Travelopia chief outlines plans to ditch brands







Travelopia, formerly the specialist holiday division of TUI, has outlined plans to reduce its brands to just 10 with the next year.

Speaking to delegates at the ABTA Convention in Tokyo, chief executive Andy Duncan said it has already closed or sold off some of the weaker and sometimes loss-making brands.

The business had more than 50 brands when it was sold by TUI last year to private equity group KKR for £325 million.

Brands being retained include adventure specialist Exodus, Quark Expeditions, private jet company TCS, yachting businesses Sunsail and The Moorings and tailor-made businesses including Hayes & Jarvis, Citalia and Sovereign.

Duncan said there hadn't been much investment in the specialist brands by TUI for over a decade.

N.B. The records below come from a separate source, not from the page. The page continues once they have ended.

text \<open>\<open>flip i\<close> permutes the finite set \<open>deviation g \<inter> deviation g' \<inter> line\<close>, so a point of
  \<open>deviation g\<close> flipped into \<open>deviation g'\<close> must already lie in \<open>deviation g'\<close>.\<close>
lemma flip_in_deviation_iff:
  assumes g: "g \<in> G" and g': "g' \<in> G" and y: "y \<in> deviation g" and i: "i < d"
  shows "flip i y \<in> deviation g' \<longleftrightarrow> y \<in> deviation g'"
proof
  assume flip_y: "flip i y \<in> deviation g'"
  define L where "L = range (\<lambda>b. y(i := b))"
  define P where "P = deviation g \<inter> deviation g' \<inter> L"
  have "y \<in> L" unfolding L_def by (metis fun_upd_triv rangeI)
  have "finite P" unfolding P_def deviation_def using finite_tuples by auto
  moreover have "flip i ` P \<subseteq> P"
    using flip_maps_line[OF g i] flip_maps_line[OF g' i] unfolding P_def L_def by blast
  moreover have inj: "inj_on (flip i) (deviation g \<inter> L)"
    unfolding L_def by (rule flip_inj_on_line[OF g i])
  then have "inj_on (flip i) P" unfolding P_def by (rule inj_on_subset) blast
  ultimately have "flip i ` P = P" by (rule endo_inj_surj)
  moreover have "flip i y \<in> P"
    using flip_maps_line[OF g i] \<open>y \<in> L\<close> y flip_y unfolding P_def L_def by blast
  ultimately obtain z where "z \<in> P" "flip i z = flip i y" by force
  then have "z = y" using inj y \<open>y \<in> L\<close> unfolding P_def by (auto dest: inj_onD)
  with \<open>z \<in> P\<close> show "y \<in> deviation g'" unfolding P_def by simp
qed (rule flip_in_deviation(1)[OF g' _ i])

lemma card_atom_deviations:
  assumes y: "y \<in> \<Union>(deviation ` G)"
  shows "2 ^ d \<le> card (atom (deviation ` G) y)"
proof -
  have "2 ^ card {0..<d} \<le> card (atom (deviation ` G) y)"
  proof (rule two_pow_card_le_card_if_upd_closed)
    show "finite (atom (deviation ` G) y)"
      by (rule finite_subset[OF _ finite_tuples]) (auto simp: atom_def deviation_def)
    show "atom (deviation ` G) y \<noteq> {}" using self_in_atom[OF y] by auto
    show "\<forall>x\<in>atom (deviation ` G) y. \<forall>i\<in>{0..<d}.
        \<exists>c. x(i := c) \<in> atom (deviation ` G) y \<and> x(i := c) \<noteq> x"
    proof (intro ballI)
      fix x i assume x: "x \<in> atom (deviation ` G) y" and "i \<in> {0..<d}"
      then have i: "i < d" by simp
      obtain g where g: "g \<in> G" "x \<in> deviation g" using x unfolding atom_def by auto
      have "flip i x \<in> atom (deviation ` G) y"
        using x flip_in_deviation(1)[OF g i] flip_in_deviation_iff[OF g(1) _ g(2) i]
        unfolding atom_def by blast
      moreover have "flip i x \<noteq> x" using flip_in_deviation(2)[OF g i] .
      ultimately show "\<exists>c. x(i := c) \<in> atom (deviation ` G) y \<and> x(i := c) \<noteq> x"
        unfolding flip_def by blast
    qed
  qed simp
  then show ?thesis by simp
qed

lemma inj_on_deviation: "inj_on deviation G"
proof (rule inj_onI)
  fix g g' assume g: "g \<in> G" and g': "g' \<in> G" and eq: "deviation g = deviation g'"
  show "g = g'"
  proof (rule quasigroup_eqI[OF within_is_quasigroup[OF g] within_is_quasigroup[OF g']])
    fix y assume y: "y \<in> tuples d k"
    show "g y = g' y"
    proof (cases "y \<in> deviation g")
      case True
      then show ?thesis using deviation_value[OF g True] deviation_value[OF g'] eq by simp
    next
      case False
      then have "y \<notin> deviation g'" using eq by simp
      with False y show ?thesis unfolding deviation_def by simp
    qed
  qed
qed

lemma card_le: "real (card G) \<le> 2 powr (real k ^ d / 2 ^ d)"
proof -
  have "real (card (deviation ` G)) \<le> 2 powr (real (card (tuples d k)) / real (2 ^ d))"
    by (rule card_family_le_two_powr_atoms[OF finite_tuples _ _ card_atom_deviations])
      (auto simp: deviation_def)
  then show ?thesis by (simp add: card_image[OF inj_on_deviation] card_tuples)
qed
lemma perm_elem_conj_perm_elem:
  assumes "\<forall>x<n. \<pi> x < n" "\<forall>x<n. \<tau> x < n" "\<forall>x<n. \<pi>' (\<tau> (\<pi> x)) = \<rho> x"
  shows "perm_elem m n \<pi>' * perm_elem m n \<tau> * perm_elem m n \<pi> = perm_elem m n \<rho>"
proof -
  have "perm_elem m n \<pi>' * perm_elem m n \<tau> * perm_elem m n \<pi> = wr_elem m n (\<pi>' \<circ> \<tau> \<circ> \<pi>) (\<lambda>_. 1\<^sub>m m)"
    unfolding perm_elem_def[of m n \<tau>] using assms by (subst perm_elem_conj_wr_elem) (auto simp: comp_def)
  also have "\<dots> = perm_elem m n \<rho>"
    unfolding perm_elem_def using assms by (intro wr_elem_cong) auto
  finally show ?thesis .
qed

lemma slot_elem_conj_wr_elem:
  assumes "\<forall>x<n. \<tau> x = s \<longleftrightarrow> x = s" "h s = 1\<^sub>m m" "\<forall>x<n. h x \<in> carrier_mat m m"
    and "g \<in> carrier_mat m m" "g' \<in> carrier_mat m m" "g' * g = 1\<^sub>m m" "\<forall>x<n. \<tau> x < n"
  shows "slot_elem m n s g' * wr_elem m n \<tau> h * slot_elem m n s g = wr_elem m n \<tau> h"
proof -
  let ?g = "\<lambda>k x. if x = s then k else 1\<^sub>m m"
  let ?h = "\<lambda>x. ?g g' (\<tau> x) * h x"
  have carrier: "\<forall>x<n. ?g g' x \<in> carrier_mat m m" "\<forall>x<n. ?g g x \<in> carrier_mat m m"
    using assms(3,4,5) by auto
  have carrier_h: "\<forall>x<n. ?h x \<in> carrier_mat m m"
    using assms(3,4,5) by (auto intro!: mult_carrier_mat[of _ m m])
  have "wr_elem m n id (?g g') * wr_elem m n \<tau> h = wr_elem m n (id \<circ> \<tau>) ?h"
    by (rule wr_elem_mult) (use assms carrier in auto)
  then have "wr_elem m n id (?g g') * wr_elem m n \<tau> h * wr_elem m n id (?g g) =
      wr_elem m n (id \<circ> \<tau> \<circ> id) (\<lambda>x. ?h (id x) * ?g g x)"
    using wr_elem_mult[where \<sigma> = "id \<circ> \<tau>" and \<tau> = id and h = ?h and g = "?g g"] carrier carrier_h by simp
  also have "\<dots> = wr_elem m n \<tau> h"
  proof (rule wr_elem_cong)
    show "\<forall>x<n. ?h (id x) * ?g g x = h x"
      using assms(1-6) by auto
  qed simp
  finally show ?thesis unfolding slot_elem_def .
qed

section \<open>Cycles and adjacent transpositions\<close>

definition cyc_inv :: "nat \<Rightarrow> nat \<Rightarrow> nat \<Rightarrow> nat" where
  "cyc_inv a b k = (if a < k \<and> k \<le> b then k - 1 else if k = a then b else k)"

lemma cyc_less: "a \<le> b \<Longrightarrow> b < n \<Longrightarrow> x < n \<Longrightarrow> cyc a b x < n"
  by (auto simp: cyc_def)

lemma cyc_inv_less: "a \<le> b \<Longrightarrow> b < n \<Longrightarrow> x < n \<Longrightarrow> cyc_inv a b x < n"
  by (auto simp: cyc_inv_def)

lemma cyc_inv_cyc: "a \<le> b \<Longrightarrow> cyc_inv a b (cyc a b x) = x"
  by (auto simp: cyc_def cyc_inv_def)

lemma cyc_cyc_inv: "a \<le> b \<Longrightarrow> cyc a b (cyc_inv a b x) = x"
  by (auto simp: cyc_def cyc_inv_def)

lemma cyc_0_eq_0_iff: "cyc 0 b x = 0 \<longleftrightarrow> x = b"
  by (auto simp: cyc_def)

lemma cyc_eq_0_iff: "0 < a \<Longrightarrow> a \<le> b \<Longrightarrow> cyc a b x = 0 \<longleftrightarrow> x = 0"
  by (auto simp: cyc_def)

lemma transpose_cyc_Suc: "Suc i \<le> b \<Longrightarrow> transpose i (Suc i) (cyc (Suc i) b x) = cyc i b x"
  by (auto simp: cyc_def transpose_def)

"Some brands were quite weak and they were treated the same as a strong brands," he said.

"There were some divisions that didn't fit with the rest of the group, such as the group student and school trips, which had better homes elsewhere. We had to make some tough choices."

The process is around half way there and is expected to be completed with the next 12 months.

Duncan said all of the priority brands would rely on a balance of direct and trade sales, depending on the brand.

"There were legacy relationships with TUI that had got in the way of working with other businesses, but that's no longer the case," he said.

Duncan, who came from outside the industry and previously worked in television and for Camelot, said this was his first ABTA Convention and the event had given him the opportunity to speak to industry peers and learn a lot more about the industry.

"I can't match many of you in terms of your industry experience, but I think I bring new experience and ideas from other industries," he told delegates.

He said he was particularly experienced in customer experience and the data and digital side, which would be a focus for Travelopia.

"We've not been very good with data so that's a real opportunity," he said.

He also believes there are opportunities for a more co-operative approach in the travel industry.

"It's a complex world but I think there are partnership opportunities where travel businesses could legitimately compete in some areas but partner in others," he said.